## [EXERCISE]
Look in the material below for the line holding "side of the tangent line of". Set it down exactly, with each later line up to and including the line holding "oriented with unit".

[[ TASK DATA, beginning ]]

(* Let $\mathcal{P}$ and $\mathcal{Q}$ be smooth regular curves with endpoints $p_0,p_1$ and $q_0,q_1$ respectively. Let $\ell_0$ be the line through $q_0$ parallel to $T_{q_1}\mathcal{Q}$, and $\ell_p'$ the line through $\tau_{q_0-p_0}(p_1)$ parallel to $T_{q_0}\mathcal{Q}$. Put $c=\ell_p'\cap T_{q_1}\mathcal{Q}$, $b_0=\ell_0\cap\ell_p'$, $b_1=T_{q_0}\mathcal{Q}\cap T_{q_1}\mathcal{Q}$. Assume: (i) $T_{p_i}\mathcal{P}\parallel T_{q_i}\mathcal{Q}$ for $i=0,1$; (ii) the curvature of $\mathcal{P}$ is positive and the curvature of $\mathcal{Q}$ is negative; (iii) the absolute values of the rotation numbers of $\mathcal{P}$ and $\mathcal{Q}$ are equal and smaller than $\frac12$; (iv) for every $p\in\mathcal{P}$ there is $q\in\mathcal{Q}$, and for every $q\in\mathcal{Q}$ there is $p\in\mathcal{P}$, such that $p,q$ is a parallel pair; (v) $\mathcal{P}$ and $\mathcal{Q}$ are curved in the same side at every parallel pair $p,q$ with $p\in\mathcal{P}$, $q\in\mathcal{Q}$. Let $\rho_{\max}$ and $\rho_{\min}$ be the maximum and the minimum of the set $\left\{\frac{c-b_1}{q_1-b_1},\ \frac{c-b_0}{\tau_{q_0-p_0}(p_1)-b_0}\right\}$. If $\rho_{\max}<1$ or $\rho_{\min}>1$, then the Centre Symmetry Set of $\mathcal{P}\cup\mathcal{Q}$ has at least one asymptote.
   Context: $T_q\mathcal{C}$ is the tangent line to $\mathcal{C}$ at $q$; $\tau_v$ is translation by $v\in\mathbb{R}^2$. The quotient $\frac{u}{w}$ of two parallel vectors, $w\ne0$, is the real number $\lambda$ with $u=\lambda w$. The rotation number of a regular arc is the total signed turning of its velocity vector divided by $2\pi$. Distinct points $p,q$ form a parallel pair if their tangent lines are parallel. Curves are curved in the same side at a parallel pair $p,q$ (non-inflexion points) if the germ at $p$ and the translate by $p-q$ of the germ at $q$ lie on the same side of the tangent line at $p$. The Centre Symmetry Set is the envelope of lines through parallel pairs; a parallel pair $p,q$ gives an asymptote (the line through $p,q$) if, for local arc-length parameterizations $g$ near $p=g(t)$ and $f$ near $q=f(s)$ with $f'(s)=-g'(t)$, one has $\kappa_f(s)+\kappa_g(t)=0$. *)

theory Defs
  imports "HOL-Analysis.Analysis"
begin

text \<open>The Euclidean plane is modelled by the complex numbers.
  A curve is given by a parametrisation on the closed interval [0,1].\<close>

definition cross :: "complex \<Rightarrow> complex \<Rightarrow> real" where
  "cross u v = Im (cnj u * v)"

definition dotp :: "complex \<Rightarrow> complex \<Rightarrow> real" where
  "dotp u v = Re (cnj u * v)"

definition vd :: "(real \<Rightarrow> complex) \<Rightarrow> real \<Rightarrow> complex" where
  "vd f t = vector_derivative f (at t)"

definition smooth_on :: "real set \<Rightarrow> (real \<Rightarrow> complex) \<Rightarrow> bool" where
  "smooth_on S f \<longleftrightarrow> (\<forall>n. \<forall>t\<in>S. ((vd ^^ n) f) differentiable (at t))"

definition smooth_regular_arc :: "(real \<Rightarrow> complex) \<Rightarrow> bool" where
  "smooth_regular_arc f \<longleftrightarrow>
     (\<exists>S. open S \<and> {0..1} \<subseteq> S \<and> smooth_on S f) \<and>
     inj_on f {0..1} \<and> (\<forall>t\<in>{0..1}. vd f t \<noteq> 0)"

definition curvature :: "(real \<Rightarrow> complex) \<Rightarrow> real \<Rightarrow> real" where
  "curvature f t = cross (vd f t) (vd (vd f) t) / (norm (vd f t)) ^ 3"

definition rotation_number :: "(real \<Rightarrow> complex) \<Rightarrow> real \<Rightarrow> bool" where
  "rotation_number f r \<longleftrightarrow>
     (\<exists>\<theta>. continuous_on {0..1} \<theta> \<and>
          (\<forall>t\<in>{0..1}. vd f t = complex_of_real (norm (vd f t)) * cis (\<theta> t)) \<and>
          r = (\<theta> 1 - \<theta> 0) / (2 * pi))"

definition line_through :: "complex \<Rightarrow> complex \<Rightarrow> complex set" where
  "line_through a u = {a + complex_of_real r * u | r. True}"

definition line_inter :: "complex set \<Rightarrow> complex set \<Rightarrow> complex" where
  "line_inter L M = (THE x. x \<in> L \<and> x \<in> M)"

definition vquot :: "complex \<Rightarrow> complex \<Rightarrow> real" where
  "vquot u w = (THE r. u = complex_of_real r * w)"

definition transl :: "complex \<Rightarrow> complex \<Rightarrow> complex" where
  "transl v x = x + v"

definition tangent_line :: "(real \<Rightarrow> complex) \<Rightarrow> real \<Rightarrow> complex set" where
  "tangent_line f t = line_through (f t) (vd f t)"

definition parallel_pair :: "(real \<Rightarrow> complex) \<Rightarrow> real \<Rightarrow> (real \<Rightarrow> complex) \<Rightarrow> real \<Rightarrow> bool" where
  "parallel_pair f t g s \<longleftrightarrow> t \<in> {0..1} \<and> s \<in> {0..1} \<and> f t \<noteq> g s \<and>
     cross (vd f t) (vd g s) = 0"

text \<open>curved in the same side at the pair f t, g s: the germ of f at f t and the
  translate by (f t - g s) of the germ of g at g s lie (strictly) on the same
  side of the tangent line of f at f t\<close>
definition curved_same_side :: "(real \<Rightarrow> complex) \<Rightarrow> real \<Rightarrow> (real \<Rightarrow> complex) \<Rightarrow> real \<Rightarrow> bool" where
  "curved_same_side f t g s \<longleftrightarrow>
     (\<exists>e>0. \<forall>t'\<in>{0..1}. \<forall>s'\<in>{0..1}.
        0 < \<bar>t' - t\<bar> \<and> \<bar>t' - t\<bar> < e \<and> 0 < \<bar>s' - s\<bar> \<and> \<bar>s' - s\<bar> < e \<longrightarrow>
        cross (vd f t) (f t' - f t) * cross (vd f t) (transl (f t - g s) (g s') - f t) > 0)"

text \<open>the parallel pair f t, g s gives an asymptote: with arc-length parametrisations
  oriented with unit tangent u = f'(t)/|f'(t)| at f t and -u at g s, the curvatures add
  to zero. The arc-length curvature of g oriented by -u equals -(u.v) * curvature g s,
  where v is the unit tangent of g at s (v = +-u).\<close>
definition gives_asymptote :: "(real \<Rightarrow> complex) \<Rightarrow> real \<Rightarrow> (real \<Rightarrow> complex) \<Rightarrow> real \<Rightarrow> bool" where
  "gives_asymptote f t g s \<longleftrightarrow>
     parallel_pair f t g s \<and>
     (let u = vd f t / complex_of_real (norm (vd f t));
          v = vd g s / complex_of_real (norm (vd g s))
      in curvature f t + (- dotp u v * curvature g s) = 0)"

definition CSS_has_asymptote :: "(real \<Rightarrow> complex) list \<Rightarrow> bool" where
  "CSS_has_asymptote cs \<longleftrightarrow>
     (\<exists>f\<in>set cs. \<exists>g\<in>set cs. \<exists>t s. gives_asymptote f t g s)"

end

theory Submission
  imports Defs
begin

text \<open>Traverse \<open>Q\<close> backwards. Both arcs then turn to the left, and the same-side condition together
  with the equal rotation numbers forces their tangent angles to sweep one and the same interval
  \<open>[\<alpha>, \<beta>]\<close> of length less than \<open>\<pi>\<close>. Parametrised by this angle \<open>y\<close>, each arc has velocity
  \<open>r(y) cis y\<close> with \<open>r\<close> its radius of curvature, so each chord, \<open>p\<^sub>1 - p\<^sub>0\<close> and \<open>q\<^sub>1 - q\<^sub>0\<close>,
  lies in the open sector spanned by \<open>cis \<alpha>\<close> and \<open>cis \<beta>\<close>. The points of the two arcs with
  tangent angle \<open>y\<close> form a parallel pair, which gives an asymptote exactly when the two radii agree.
  Without asymptotes the difference of the radii has constant sign, so the difference of the chords
  lies in the sector as well, up to sign: in coordinates with respect to \<open>cis \<alpha>, cis \<beta>\<close> both
  coordinates of \<open>p\<^sub>1 - p\<^sub>0\<close> exceed those of \<open>q\<^sub>1 - q\<^sub>0\<close>, or both are smaller. The two ratios of
  the hypothesis are exactly the quotients of corresponding coordinates, taken in opposite order, so
  one of them is below and the other above 1.\<close>

section \<open>Vectors in the plane\<close>

lemma cross_commute: "cross u v = - cross v u"
  unfolding cross_def by (simp add: algebra_simps)

lemma cross_self [simp]: "cross u u = 0"
  unfolding cross_def by (simp add: complex_mult_cnj)
lemma ring_ideal_principal:
  assumes P: "closed_ideal X P" and f: "f \<in> CXP X P"
  shows "ring_ideal (CXP X P) {(\<lambda>x. r x * f x) | r. r \<in> CXP X P}"
  unfolding ring_ideal_def
proof (intro conjI ballI)
  let ?R = "CXP X P" and ?I = "{(\<lambda>x. r x * f x) | r. r \<in> CXP X P}"
  show "?I \<subseteq> ?R" using CXP_mult[OF P _ f] by auto
  show "(\<lambda>x. 0) \<in> ?I" using CXP_zero[OF P] by force
  fix g assume "g \<in> ?I"
  then obtain r where r: "r \<in> ?R" and g: "g = (\<lambda>x. r x * f x)" by blast
  show "(\<lambda>x. - g x) \<in> ?I"
    using CXP_uminus[OF r] g by (intro CollectI exI[of _ "\<lambda>x. - r x"]) auto
  show "(\<lambda>x. g x + h x) \<in> ?I" if "h \<in> ?I" for h
  proof -
    obtain s where s: "s \<in> ?R" and h: "h = (\<lambda>x. s x * f x)" using \<open>h \<in> ?I\<close> by blast
    show ?thesis using CXP_add[OF P r s] g h
      by (intro CollectI exI[of _ "\<lambda>x. r x + s x"]) (auto simp: algebra_simps)
  qed
  show "(\<lambda>x. q x * g x) \<in> ?I" if q: "q \<in> ?R" for q
    using CXP_mult[OF P q r] g by (intro CollectI exI[of _ "\<lambda>x. q x * r x"]) (auto simp: algebra_simps)
qed

lemma principal_ideal_contains_generator:
  assumes "closed_ideal X P" and "f \<in> CXP X P"
  shows "f \<in> {(\<lambda>x. r x * f x) | r. r \<in> CXP X P}"
proof -
  have "f = (\<lambda>x. indicator (topspace X) x * f x)"
    using indicator_topspace_mult_CXP[OF assms(2)] by simp
  then show ?thesis using CXP_indicator_topspace[OF assms(1)] by blast
qed

lemma essential_ideal_carrier:
  assumes "closed_ideal X P" shows "essential_ideal (CXP X P) (CXP X P)"
  unfolding essential_ideal_def
proof (intro conjI allI impI)
  show "ring_ideal (CXP X P) (CXP X P)" using ring_ideal_CXP[OF assms] .
  fix J assume "ring_ideal (CXP X P) J \<and> J \<noteq> {\<lambda>x. 0}"
  then have "J \<subseteq> CXP X P" "J \<noteq> {\<lambda>x. 0}" using ring_ideal_subset by auto
  then show "CXP X P \<inter> J \<noteq> {\<lambda>x. 0}" by (simp add: Int_absorb1)
qed

lemma nonvanishing_CXP_divides_ideal:
  assumes P: "closed_ideal X P" and I: "ring_ideal (CXP X P) I"
    and a: "a \<in> CXP X P" and nz: "\<forall>x\<in>topspace X. a x \<noteq> 0" and m: "m \<in> I"
  shows "\<exists>n\<in>I. m = (\<lambda>x. a x * n x)"
proof
  let ?b = "\<lambda>x. if x \<in> topspace X then inverse (a x) else 0"
  show "(\<lambda>x. ?b x * m x) \<in> I"
    using ring_ideal_mult[OF I CXP_inverse[OF P a nz] m] .
  have "m \<in> CXP X P" using ring_ideal_subset[OF I] m by blast
  then show "m = (\<lambda>x. a x * (?b x * m x))"
    using nz by (auto simp: CXP_outside)
qed

lemma openin_XP_coz: "f \<in> CXP X P \<Longrightarrow> openin (XP X P) (coz X f)"
  unfolding XP_def openin_topology_generated_by_iff by (blast intro: generate_topology_on.Basis)

lemma openin_XP_imp_coz:
  assumes P: "closed_ideal X P" and U: "openin (XP X P) U" and y: "y \<in> U"
  shows "\<exists>h\<in>CXP X P. y \<in> coz X h \<and> coz X h \<subseteq> U"
proof -
  have "generate_topology_on {coz X f | f. f \<in> CXP X P} U"
    using U unfolding XP_def openin_topology_generated_by_iff .
  then show ?thesis using y
  proof (induction arbitrary: y rule: generate_topology_on.induct)
    case (Int U V)
    then obtain g h where g: "g \<in> CXP X P" "y \<in> coz X g" "coz X g \<subseteq> U"
      and h: "h \<in> CXP X P" "y \<in> coz X h" "coz X h \<subseteq> V" by (meson IntE)
    have "coz X (\<lambda>x. g x * h x) = coz X g \<inter> coz X h" unfolding coz_def ZP_def by auto
    then show ?case using g h CXP_mult[OF P g(1) h(1)] by (intro bexI[of _ "\<lambda>x. g x * h x"]) auto
  qed blast+
qed
(* Let $R$ be a finite commutative local Frobenius ring with residue field $\mathbb{F}_q$, and let $\ell$ be a nonnegative integer. For $i=1,2$, let $C_i$ be a linear code of length $n$ over $R$ with generator matrix $\mathrm{G}_i$ and parity check matrix $\mathrm{H}_i$. Then $\{C_1,C_2\}$ is an $\ell$-DLIP if and only if $\texttt{Rank}_q(\mathrm{H}_2\mathrm{G}_1^\top)=\texttt{Rank}_q(\mathrm{G}_1)-\ell$ or $\texttt{Rank}_q(\mathrm{H}_1\mathrm{G}_2^\top)=\texttt{Rank}_q(\mathrm{G}_2)-\ell$.
   Context: A linear code of length $n$ over $R$ is an $R$-submodule of $R^n$; $\dim(C):=\log_q|C|$. A pair $\{C,D\}$ of linear codes is an $\ell$-DLIP ($\ell$-dimension linear intersection pair) if $\dim(C\cap D)=\ell$. A generator matrix of $C$ is a matrix whose rows generate $C$; a parity check matrix of $C$ is a generator matrix of $C^\perp$ with respect to the standard inner product $\sum_j u_jc_j$. For a matrix $\mathrm{A}$ over $R$, $\texttt{Rank}_q(\mathrm{A}):=\log_q|M|$ where $M$ is the $R$-submodule spanned by the rows of $\mathrm{A}$. *)

theory Defs
  imports "Jordan_Normal_Form.Matrix"
begin

definition is_ideal :: "'a::comm_ring_1 set \<Rightarrow> bool" where
  "is_ideal I \<longleftrightarrow> 0 \<in> I \<and> (\<forall>x\<in>I. \<forall>y\<in>I. x + y \<in> I) \<and> (\<forall>r. \<forall>x\<in>I. r * x \<in> I)"

definition is_maximal_ideal :: "'a::comm_ring_1 set \<Rightarrow> bool" where
  "is_maximal_ideal M \<longleftrightarrow> is_ideal M \<and> M \<noteq> UNIV \<and>
     (\<forall>J. is_ideal J \<and> M \<subseteq> J \<and> J \<noteq> UNIV \<longrightarrow> J = M)"

definition local_ring :: "'a::comm_ring_1 itself \<Rightarrow> bool" where
  "local_ring _ \<longleftrightarrow> (\<exists>!M::'a set. is_maximal_ideal M)"

definition max_ideal :: "'a::comm_ring_1 itself \<Rightarrow> 'a set" where
  "max_ideal _ = (THE M::'a set. is_maximal_ideal M)"

definition annihilator :: "'a::comm_ring_1 set \<Rightarrow> 'a set" where
  "annihilator S = {x. \<forall>y\<in>S. x * y = 0}"

text \<open>A finite local ring R with maximal ideal m is Frobenius iff its socle
  soc(R) = ann(m) is isomorphic to R/m as an R-module, i.e. soc(R) is a cyclic
  module R s whose generator s has annihilator exactly m.\<close>
definition local_frobenius :: "'a::comm_ring_1 itself \<Rightarrow> bool" where
  "local_frobenius T \<longleftrightarrow> local_ring T \<and>
     (\<exists>s::'a. annihilator (max_ideal T) = range (\<lambda>r. r * s) \<and>
              {r. r * s = 0} = max_ideal T)"

definition residue_q :: "'a::comm_ring_1 itself \<Rightarrow> nat" where
  "residue_q T = card ((UNIV::'a set) // {(x, y). x - y \<in> max_ideal T})"

definition linear_code :: "nat \<Rightarrow> 'a::comm_ring_1 vec set \<Rightarrow> bool" where
  "linear_code n C \<longleftrightarrow> C \<subseteq> carrier_vec n \<and> 0\<^sub>v n \<in> C \<and>
     (\<forall>x\<in>C. \<forall>y\<in>C. x + y \<in> C) \<and> (\<forall>r. \<forall>x\<in>C. r \<cdot>\<^sub>v x \<in> C)"

definition dual_code :: "nat \<Rightarrow> 'a::comm_ring_1 vec set \<Rightarrow> 'a vec set" where
  "dual_code n C = {u \<in> carrier_vec n. \<forall>c\<in>C. u \<bullet> c = 0}"

definition row_span :: "'a::comm_ring_1 mat \<Rightarrow> 'a vec set" where
  "row_span A = {transpose_mat A *\<^sub>v c | c. c \<in> carrier_vec (dim_row A)}"

definition generator_matrix :: "nat \<Rightarrow> 'a::comm_ring_1 vec set \<Rightarrow> 'a mat \<Rightarrow> bool" where
  "generator_matrix n C G \<longleftrightarrow> dim_col G = n \<and> row_span G = C"

definition parity_check_matrix :: "nat \<Rightarrow> 'a::comm_ring_1 vec set \<Rightarrow> 'a mat \<Rightarrow> bool" where
  "parity_check_matrix n C H \<longleftrightarrow> generator_matrix n (dual_code n C) H"

definition code_dim :: "nat \<Rightarrow> 'a::comm_ring_1 vec set \<Rightarrow> real" where
  "code_dim q C = log (real q) (real (card C))"

definition rank_q :: "nat \<Rightarrow> 'a::comm_ring_1 mat \<Rightarrow> real" where
  "rank_q q A = log (real q) (real (card (row_span A)))"

definition DLIP :: "nat \<Rightarrow> nat \<Rightarrow> 'a::comm_ring_1 vec set \<Rightarrow> 'a vec set \<Rightarrow> bool" where
  "DLIP q l C D \<longleftrightarrow> code_dim q (C \<inter> D) = real l"

end

theory Submission
  imports Defs
begin

text \<open>Over a finite local Frobenius ring R with maximal ideal m, every linear code D of length n
  satisfies |D| |D^perp| = |R^n|. Indeed |D| |D^perp| can only grow with D: enlarging D by a
  vector x with m x \<subseteq> D multiplies |D| by |R/m| = |soc R|, while y \<mapsto> y \<bullet> x maps D^perp
  into soc R with kernel (D + R x)^perp. Comparing {0} \<subseteq> D \<subseteq> R^n gives equality.

  The rows of H2 G1^T span the image of C2^perp under h \<mapsto> G1 h, whose kernel is
  C1^perp \<inter> C2^perp = (C1 + C2)^perp. Together with |C1 + C2| |C1 \<inter> C2| = |C1| |C2| this gives
  |row_span (H2 G1^T)| |C1 \<inter> C2| = |C1|, and symmetrically for H1 G2^T; after taking log_q
  each disjunct says exactly dim (C1 \<inter> C2) = l.\<close>

section \<open>Counting by fibres\<close>

lemma card_eq_mult_card_image_if_uniform_fibres:
  assumes "finite A" and "\<And>a. a \<in> A \<Longrightarrow> card {x\<in>A. f x = f a} = k"
  shows "card A = k * card (f ` A)"
proof -
  have "A = (\<Union>y\<in>f ` A. {x\<in>A. f x = y})" by auto
  also have "card \<dots> = (\<Sum>y\<in>f ` A. card {x\<in>A. f x = y})"
    by (rule card_UN_disjoint) (use assms(1) in auto)
  also have "\<dots> = (\<Sum>y\<in>f ` A. k)"
    by (rule sum.cong) (use assms(2) in auto)
  finally show ?thesis by simp
qed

[[ TASK DATA, end ]]

## [ANSWER TO THIS PROBLEM]
  side of the tangent line of f at f t\<close>
definition curved_same_side :: "(real \<Rightarrow> complex) \<Rightarrow> real \<Rightarrow> (real \<Rightarrow> complex) \<Rightarrow> real \<Rightarrow> bool" where
  "curved_same_side f t g s \<longleftrightarrow>
     (\<exists>e>0. \<forall>t'\<in>{0..1}. \<forall>s'\<in>{0..1}.
        0 < \<bar>t' - t\<bar> \<and> \<bar>t' - t\<bar> < e \<and> 0 < \<bar>s' - s\<bar> \<and> \<bar>s' - s\<bar> < e \<longrightarrow>
        cross (vd f t) (f t' - f t) * cross (vd f t) (transl (f t - g s) (g s') - f t) > 0)"

text \<open>the parallel pair f t, g s gives an asymptote: with arc-length parametrisations
  oriented with unit tangent u = f'(t)/|f'(t)| at f t and -u at g s, the curvatures add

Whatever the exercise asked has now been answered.